RECORDS FOR THE EXERCISE Start Marker
(* Let $k$ be a field, $D$ a $k$-algebra, $\sigma$ an automorphism of $D$, $a$ central in $D$, and $A=D(\sigma,a)$. (i) If $\sigma^m$ is an inner automorphism for some $m\geq1$ (i.e. there is a unit $u\in D$ with $\sigma^m(d)=udu^{-1}$ for all $d\in D$), then $\operatorname{GKdim}(A)=\operatorname{GKdim}(D)+1$. (ii) If $\sigma$ has finite order, then $\operatorname{GKdim}(A)=\operatorname{GKdim}(D)+1$.
   Context: The generalized Weyl algebra $D(\sigma,a)$ is generated by $D$ and indeterminates $x,y$ with $xd=\sigma(d)x$, $yd=\sigma^{-1}(d)y$ ($d\in D$), $yx=a$, $xy=\sigma(a)$. $\operatorname{GKdim}(B)=\sup_V\limsup_{n\to\infty}\log_n\dim_k(\sum_{i=0}^nV^i)$ over finite-dimensional subspaces $V$ of $B$. *)

theory Defs
  imports Complex_Main "HOL-Library.Extended_Real" "HOL-Library.Liminf_Limsup"
begin

text \<open>A k-algebra is modelled as a ring type 'a :: ring_1 together with a scalar
multiplication s :: 'k => 'a => 'a (in the intended uses s c b = iota c * b for a
central ring homomorphism iota from k).\<close>

definition subspace_prod :: "('k::field \<Rightarrow> 'a::ring_1 \<Rightarrow> 'a) \<Rightarrow> 'a set \<Rightarrow> 'a set \<Rightarrow> 'a set" where
  "subspace_prod s V W = module.span s {v * w | v w. v \<in> V \<and> w \<in> W}"

fun subspace_power :: "('k::field \<Rightarrow> 'a::ring_1 \<Rightarrow> 'a) \<Rightarrow> 'a set \<Rightarrow> nat \<Rightarrow> 'a set" where
  "subspace_power s V 0 = module.span s {1}"
| "subspace_power s V (Suc n) = subspace_prod s (subspace_power s V n) V"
RECORDS FOR THE EXERCISE End Marker
**PROBLEM REQUIREMENTS**
Only the lines from the one with "set \<Rightarrow> 'a set" through the end of the listing should be output, exactly as they appear.

**RESULT OF THIS TASK**
definition subspace_prod :: "('k::field \<Rightarrow> 'a::ring_1 \<Rightarrow> 'a) \<Rightarrow> 'a set \<Rightarrow> 'a set \<Rightarrow> 'a set" where
  "subspace_prod s V W = module.span s {v * w | v w. v \<in> V \<and> w \<in> W}"

fun subspace_power :: "('k::field \<Rightarrow> 'a::ring_1 \<Rightarrow> 'a) \<Rightarrow> 'a set \<Rightarrow> nat \<Rightarrow> 'a set" where
  "subspace_power s V 0 = module.span s {1}"
| "subspace_power s V (Suc n) = subspace_prod s (subspace_power s V n) V"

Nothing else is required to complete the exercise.